**The problem:**
In the records below, which lines include "above"? Copy them.

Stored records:
= Beginning of Section =
text \<open>
  Write \<open>k\<close> for the number of rejections and \<open>T = K / (\<delta> k)\<close>. Every selected \<open>i\<close> has
  \<open>max E\<^sub>i\<^sup>+ E\<^sub>i\<^sup>- \<ge> 2 T\<close>, and whenever the sign claimed for \<open>i\<close> is wrong, the e-value
  \<open>X\<^sub>i\<close> of the true null (\<open>E\<^sub>i\<^sup>+\<close> if \<open>\<theta>\<^sub>i > 0\<close>, \<open>E\<^sub>i\<^sup>-\<close> if \<open>\<theta>\<^sub>i < 0\<close>, their mean if
  \<open>\<theta>\<^sub>i = 0\<close>) is at least \<open>T\<close>. Hence, pointwise, the false directional proportion is
  at most \<open>\<Sum>\<^sub>i X\<^sub>i / (k T) = \<delta>/K \<Sum>\<^sub>i X\<^sub>i\<close>, whose expectation is at most \<open>\<delta>\<close> by linearity
  alone, so no assumption on the dependence is needed.
\<close>

lemma length_filter_ge_nth_rev_sort:
  fixes xs :: "'a::linorder list"
  assumes "k < length xs"
  shows "Suc k \<le> length (filter (\<lambda>x. rev (sort xs) ! k \<le> x) xs)"
proof -
  define L where "L = rev (sort xs)"
  let ?P = "\<lambda>x. L ! k \<le> x"
  have "\<forall>x\<in>set (take (Suc k) L). ?P x"
  proof
    fix x assume "x \<in> set (take (Suc k) L)"
    then obtain m where "m \<le> k" "x = L ! m"
      using assms by (auto simp: L_def in_set_conv_nth less_Suc_eq_le)
    moreover have "sorted_wrt (\<ge>) L"
      by (simp add: L_def sorted_wrt_rev)
    ultimately show "?P x"
      using assms by (auto simp: L_def sorted_wrt_iff_nth_less le_less)
  qed
  then have "Suc k = length (filter ?P (take (Suc k) L))"
    using assms by (simp add: L_def filter_True min_def)
  also have "\<dots> \<le> length (filter ?P L)"
    by (metis append_take_drop_id filter_append length_append le_add1)
  also have "\<dots> = length (filter ?P xs)"
    by (metis L_def mset_filter mset_rev mset_sort size_mset)
  finally show ?thesis by (simp add: L_def)
qed

lemma card_ge_eord:
  assumes "1 \<le> k" "k \<le> K"
  shows "k \<le> card {j \<in> {1..K}. eord e K k \<le> e j}"
proof -
  let ?P = "\<lambda>j. eord e K k \<le> e j"
  have "k \<le> length (filter (\<lambda>x. eord e K k \<le> x) (map e [1..<K+1]))"
    using length_filter_ge_nth_rev_sort[of "k - 1" "map e [1..<K+1]"] assms
    by (simp add: eord_def)
  also have "\<dots> = length (filter ?P [1..<K+1])"
    by (simp add: filter_map o_def)
  also have "\<dots> = card (set (filter ?P [1..<K+1]))"
    by (rule distinct_card[symmetric]) simp
  also have "set (filter ?P [1..<K+1]) = {j \<in> {1..K}. ?P j}"
    by auto
  finally show ?thesis .
qed

lemma top_set_eord_le:
  assumes top: "top_set e K k R" and "1 \<le> k" "k \<le> K" "i \<in> R"
  shows "eord e K k \<le> e i"
proof (rule ccontr)
  assume below: "\<not> eord e K k \<le> e i"
  have above: "{j \<in> {1..K}. eord e K k \<le> e j} \<subseteq> R - {i}"
  proof
    fix j assume "j \<in> {j \<in> {1..K}. eord e K k \<le> e j}"
    then have "j \<in> {1..K}" "e i < e j"
      using below by auto
    moreover have "j \<in> R"
      using top \<open>i \<in> R\<close> \<open>j \<in> {1..K}\<close> \<open>e i < e j\<close> unfolding top_set_def
      by (meson DiffI leD)
    ultimately show "j \<in> R - {i}"
      by auto
  qed
  have "finite R" "card R = k"
    using top finite_subset[of R "{1..K}"] unfolding top_set_def by auto
  have "k \<le> card (R - {i})"
    using card_ge_eord[OF \<open>1 \<le> k\<close> \<open>k \<le> K\<close>, of e] card_mono[OF _ above] \<open>finite R\<close>
    by (meson finite_Diff le_trans)
  also have "\<dots> = k - 1"
    using \<open>finite R\<close> \<open>card R = k\<close> \<open>i \<in> R\<close> by simp
  finally show False
    using \<open>1 \<le> k\<close> by simp
qed

lemma ebh_k_selected_ge:
  assumes top: "top_set e K (ebh_k e K \<delta>) R" and "i \<in> R"
  shows "real K / (\<delta> * real (ebh_k e K \<delta>)) \<le> e i"
proof -
  let ?S = "{k \<in> {1..K}. real K / (\<delta> * real k) \<le> eord e K k}"
  have "finite R" "card R = ebh_k e K \<delta>"
    using top finite_subset[of R "{1..K}"] unfolding top_set_def by auto
  then have "ebh_k e K \<delta> \<noteq> 0"
    using \<open>i \<in> R\<close> by (metis card_0_eq empty_iff)
  then have "?S \<noteq> {}" and k_eq: "ebh_k e K \<delta> = Max ?S"
    unfolding ebh_k_def Let_def by (auto split: if_splits)
  then have "ebh_k e K \<delta> \<in> ?S"
    using Max_in[of ?S] by auto
  then show ?thesis
    using top_set_eord_le[OF top _ _ \<open>i \<in> R\<close>] by force
qed

definition false_direction :: "int \<Rightarrow> real \<Rightarrow> real" where
  "false_direction D \<theta> = (if D = 1 \<and> \<theta> \<le> 0 then 1 else 0) + (if D = -1 \<and> \<theta> \<ge> 0 then 1 else 0)"

definition null_evalue :: "real \<Rightarrow> real \<Rightarrow> real \<Rightarrow> real" where
  "null_evalue \<theta> ep em = (if \<theta> > 0 then ep else if \<theta> < 0 then em else (ep + em) / 2)"

lemma null_evalue_nonneg: "0 \<le> ep \<Longrightarrow> 0 \<le> em \<Longrightarrow> 0 \<le> null_evalue \<theta> ep em"
  by (simp add: null_evalue_def)

lemma false_direction_dir_dec_le:
  assumes "0 \<le> \<delta>" "0 \<le> ep" "0 \<le> em"
    and selected: "real K / (\<delta> * real k) \<le> max ep em / 2"
  shows "false_direction (dir_dec ep K \<delta> k) \<theta> * (real K / (\<delta> * real k)) \<le> null_evalue \<theta> ep em"
proof -
  define T where "T = real K / (\<delta> * real k)"
  have "0 \<le> T"
    using \<open>0 \<le> \<delta>\<close> unfolding T_def by simp
  have "2 * T \<le> max ep em"
    using selected unfolding T_def by linarith
  have "max ep em \<le> ep + em"
    using \<open>0 \<le> ep\<close> \<open>0 \<le> em\<close> by simp
  have "false_direction (dir_dec ep K \<delta> k) \<theta> * T \<le> null_evalue \<theta> ep em"
  proof (cases "T \<le> ep")
    case True
    then have "dir_dec ep K \<delta> k = -1"
      unfolding dir_dec_def T_def by simp
    then show ?thesis
      using True \<open>2 * T \<le> max ep em\<close> \<open>max ep em \<le> ep + em\<close>
      by (auto simp: false_direction_def null_evalue_def)
  next
    case False
    then have "dir_dec ep K \<delta> k = 1"
      unfolding dir_dec_def T_def by simp
    moreover have "2 * T \<le> em"
      using False \<open>0 \<le> T\<close> \<open>2 * T \<le> max ep em\<close> by (auto simp: max_def split: if_splits)
    ultimately show ?thesis
      using False \<open>0 \<le> ep\<close> \<open>0 \<le> T\<close>
      by (auto simp: false_direction_def null_evalue_def)
  qed
  then show ?thesis
    unfolding T_def .
qed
= End of Section =
**Output for this exercise:**
  have above: "{j \<in> {1..K}. eord e K k \<le> e j} \<subseteq> R - {i}"
    using card_ge_eord[OF \<open>1 \<le> k\<close> \<open>k \<le> K\<close>, of e] card_mono[OF _ above] \<open>finite R\<close>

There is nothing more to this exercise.